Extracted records
lemma tau_balls_disjoint_Ln_Pn:
  assumes r: "separating_radius A F G U r" and s: "separating_radius A G F V s"
    and x: "x \<in> F \<inter> Ln" and y: "y \<in> G \<inter> Pn"
  shows "tau_ball A x (r x) \<inter> tau_ball A y (s y) = {}"
proof -
  have "y \<notin> tau_ball A x (2 * r x)"
    using separating_radiusD(2)[OF r] x y by blast
  then have far: "snd y / 2 \<le> dist y z" if "z \<in> tau_ball A x (r x)" for z
    using x y separating_radiusD(1)[OF r] that by (intro half_snd_le_dist_tau_ball[of x]) auto
  have "4 * s y \<le> snd y" "tau_ball A y (s y) = ball y (s y)"
    using separating_radiusD(4)[OF s] y by (auto simp: tau_ball_def)
  then have near: "dist y z < snd y / 2" if "z \<in> tau_ball A y (s y)" for z
    using that y by (auto simp: Pn_def)
  show ?thesis
  proof (rule equals0I)
    fix z assume "z \<in> tau_ball A x (r x) \<inter> tau_ball A y (s y)"
    then show False
      using far near by (meson IntD1 IntD2 not_less)
  qed
qed

lemma tau_balls_disjoint_Pn_Pn:
  assumes r: "separating_radius A F G U r" and s: "separating_radius A G F V s"
    and x: "x \<in> F \<inter> Pn" and y: "y \<in> G \<inter> Pn"
  shows "tau_ball A x (r x) \<inter> tau_ball A y (s y) = {}"
proof -
  have "tau_ball A x (2 * r x) \<inter> G = {}" "tau_ball A y (2 * s y) \<inter> F = {}"
    using separating_radiusD(2)[OF r] separating_radiusD(2)[OF s] x y by auto
  then have "y \<notin> ball x (2 * r x)" "x \<notin> ball y (2 * s y)"
    using x y by (auto simp: tau_ball_def)
  then have "2 * r x \<le> dist x y" "2 * s y \<le> dist x y"
    by (auto simp: dist_commute)
  then have "z \<notin> ball x (r x) \<inter> ball y (s y)" for z
    using dist_triangle[of x y z] by (auto simp: dist_commute)
  then show ?thesis
    using x y by (auto simp: tau_ball_def)
qed

lemma tau_ball_Unions_disjoint:
  assumes r: "separating_radius A F G U r" and s: "separating_radius A G F V s"
    and UV: "disjnt U V" and F: "F \<subseteq> Xn" and G: "G \<subseteq> Xn"
  shows "disjnt (\<Union>x\<in>F. tau_ball A x (r x)) (\<Union>y\<in>G. tau_ball A y (s y))"
proof -
  have "tau_ball A x (r x) \<inter> tau_ball A y (s y) = {}" if x: "x \<in> F" and y: "y \<in> G" for x y
  proof -
    consider "x \<in> Ln" "y \<in> Ln" | "x \<in> Ln" "y \<in> Pn" | "x \<in> Pn" "y \<in> Ln" | "x \<in> Pn" "y \<in> Pn"
      using x y F G Xn_eq_Pn_Un_Ln by blast
    then show ?thesis
    proof cases
      case 1
      have "tau_ball A x (r x) \<subseteq> tau_ball A x (2 * r x)" "tau_ball A y (s y) \<subseteq> tau_ball A y (2 * s y)"
        using separating_radiusD(1)[OF r x] separating_radiusD(1)[OF s y] by (simp_all add: tau_ball_mono)
      then have "tau_ball A x (r x) \<subseteq> U" "tau_ball A y (s y) \<subseteq> V"
        using separating_radiusD(3)[OF r x] separating_radiusD(3)[OF s y] 1 by auto
      then show ?thesis
        using UV by (auto simp: disjnt_def)
    next
      case 2
      then show ?thesis
        using x y by (intro tau_balls_disjoint_Ln_Pn[OF r s]) auto
    next
      case 3
      then show ?thesis
        using x y tau_balls_disjoint_Ln_Pn[OF s r, of y x] by auto
    next
      case 4
      then show ?thesis
        using x y by (intro tau_balls_disjoint_Pn_Pn[OF r s]) auto
    qed
  qed
  then show ?thesis
    unfolding disjnt_def by blast
qed

lemma normal_space_tau_if_Ln_separated:
  assumes A: "A \<subseteq> Ln"
    and sep: "\<And>H K. \<lbrakk>closedin (tau A) H; closedin (tau A) K; H \<subseteq> Ln; K \<subseteq> Ln; disjnt H K\<rbrakk>
      \<Longrightarrow> \<exists>U V. openin (tau A) U \<and> openin (tau A) V \<and> H \<subseteq> U \<and> K \<subseteq> V \<and> disjnt U V"
  shows "normal_space (tau A)"
  unfolding normal_space_def
proof (intro allI impI, elim conjE)
  fix F G assume F: "closedin (tau A) F" and G: "closedin (tau A) G" and "disjnt F G"
  have FG_Xn: "F \<subseteq> Xn" "G \<subseteq> Xn"
    using closedin_subset[OF F] closedin_subset[OF G] topspace_tau[OF A] by simp_all
  have FG_disj: "F \<inter> G = {}" "G \<inter> F = {}"
    using \<open>disjnt F G\<close> by (auto simp: disjnt_def)
  have "closedin (tau A) (F \<inter> Ln)" "closedin (tau A) (G \<inter> Ln)"
    using F G closedin_tau_Ln[OF A] by (simp_all add: closedin_Int)
  moreover have "disjnt (F \<inter> Ln) (G \<inter> Ln)"
    using \<open>disjnt F G\<close> by (auto simp: disjnt_def)
  ultimately obtain U V where UV: "openin (tau A) U" "openin (tau A) V" "F \<inter> Ln \<subseteq> U" "G \<inter> Ln \<subseteq> V"
      "disjnt U V"
    using sep[of "F \<inter> Ln" "G \<inter> Ln"] by blast
  obtain r where r: "separating_radius A F G U r"
    using separating_radius_exists[OF A G UV(1) FG_Xn(1) UV(3) FG_disj(1)] by blast
  obtain s where s: "separating_radius A G F V s"
    using separating_radius_exists[OF A F UV(2) FG_Xn(2) UV(4) FG_disj(2)] by blast
  show "\<exists>U V. openin (tau A) U \<and> openin (tau A) V \<and> F \<subseteq> U \<and> G \<subseteq> V \<and> disjnt U V"
  proof (intro exI conjI)
    show "openin (tau A) (\<Union>x\<in>F. tau_ball A x (r x))" "openin (tau A) (\<Union>y\<in>G. tau_ball A y (s y))"
      using openin_tau_ball_Union[OF A FG_Xn(1) r] openin_tau_ball_Union[OF A FG_Xn(2) s] .
    show "F \<subseteq> (\<Union>x\<in>F. tau_ball A x (r x))" "G \<subseteq> (\<Union>y\<in>G. tau_ball A y (s y))"
      using tau_ball_Union_cover[OF FG_Xn(1) r] tau_ball_Union_cover[OF FG_Xn(2) s] .
    show "disjnt (\<Union>x\<in>F. tau_ball A x (r x)) (\<Union>y\<in>G. tau_ball A y (s y))"
      by (rule tau_ball_Unions_disjoint[OF r s UV(5) FG_Xn])
  qed
qed

lemma normal_space_tau_if_z_embedded:
  assumes A: "A \<subseteq> Ln" and z: "z_embedded (tau A) Ln"
  shows "normal_space (tau A)"
proof (rule normal_space_tau_if_Ln_separated[OF A])
  fix H K assume H: "closedin (tau A) H" "H \<subseteq> Ln" and K: "closedin (tau A) K" "K \<subseteq> Ln"
    and "disjnt H K"
  then have "H \<inter> K = {}"
    by (simp add: disjnt_def)
  then obtain g where g: "continuous_map (subtopology (tau A) Ln) euclideanreal g"
    "\<And>p. p \<in> H \<Longrightarrow> g p < 0" "\<And>p. p \<in> K \<Longrightarrow> 0 < g p"
    using sign_separating_function_Ln[OF A H(1) K(1)] by blast
  have HK: "H \<subseteq> topspace (tau A) \<inter> Ln" "K \<subseteq> topspace (tau A) \<inter> Ln"
    using H K topspace_tau[OF A] Ln_subset_Xn by auto
  obtain U V where "openin (tau A) U" "openin (tau A) V" "H \<subseteq> U" "K \<subseteq> V" "disjnt U V"
    using z_embedded_separation[OF z g(1) HK(1) g(2) HK(2) g(3)] by blast
  then show "\<exists>U V. openin (tau A) U \<and> openin (tau A) V \<and> H \<subseteq> U \<and> K \<subseteq> V \<and> disjnt U V"
    by blast
qed

theorem mainTheorem7:
  fixes A :: "((real^'m) \<times> real) set"
  assumes "A \<subseteq> Ln"
  shows "(normal_space (tau A) \<longleftrightarrow> C_star_embedded (tau A) Ln) \<and>
         (C_star_embedded (tau A) Ln \<longleftrightarrow> z_embedded (tau A) Ln)"
proof -
  have "normal_space (tau A) \<Longrightarrow> C_star_embedded (tau A) Ln"
    by (rule C_star_embedded_if_closedin_normal_space[OF _ closedin_tau_Ln[OF assms]])
  moreover have "C_star_embedded (tau A) Ln \<Longrightarrow> z_embedded (tau A) Ln"
    by (rule z_embedded_if_C_star_embedded)
  moreover have "z_embedded (tau A) Ln \<Longrightarrow> normal_space (tau A)"
    by (rule normal_space_tau_if_z_embedded[OF assms])
  ultimately show ?thesis
    by blast
qed

end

## What is required
Only one stretch of the data above is needed. Restate it word for word, from the line containing "proof (intro exI conjI)" through the line containing "using tau_ball_Union_cover[OF FG_Xn(1)", both ends included.

## The answer
  proof (intro exI conjI)
    show "openin (tau A) (\<Union>x\<in>F. tau_ball A x (r x))" "openin (tau A) (\<Union>y\<in>G. tau_ball A y (s y))"
      using openin_tau_ball_Union[OF A FG_Xn(1) r] openin_tau_ball_Union[OF A FG_Xn(2) s] .
    show "F \<subseteq> (\<Union>x\<in>F. tau_ball A x (r x))" "G \<subseteq> (\<Union>y\<in>G. tau_ball A y (s y))"
      using tau_ball_Union_cover[OF FG_Xn(1) r] tau_ball_Union_cover[OF FG_Xn(2) s] .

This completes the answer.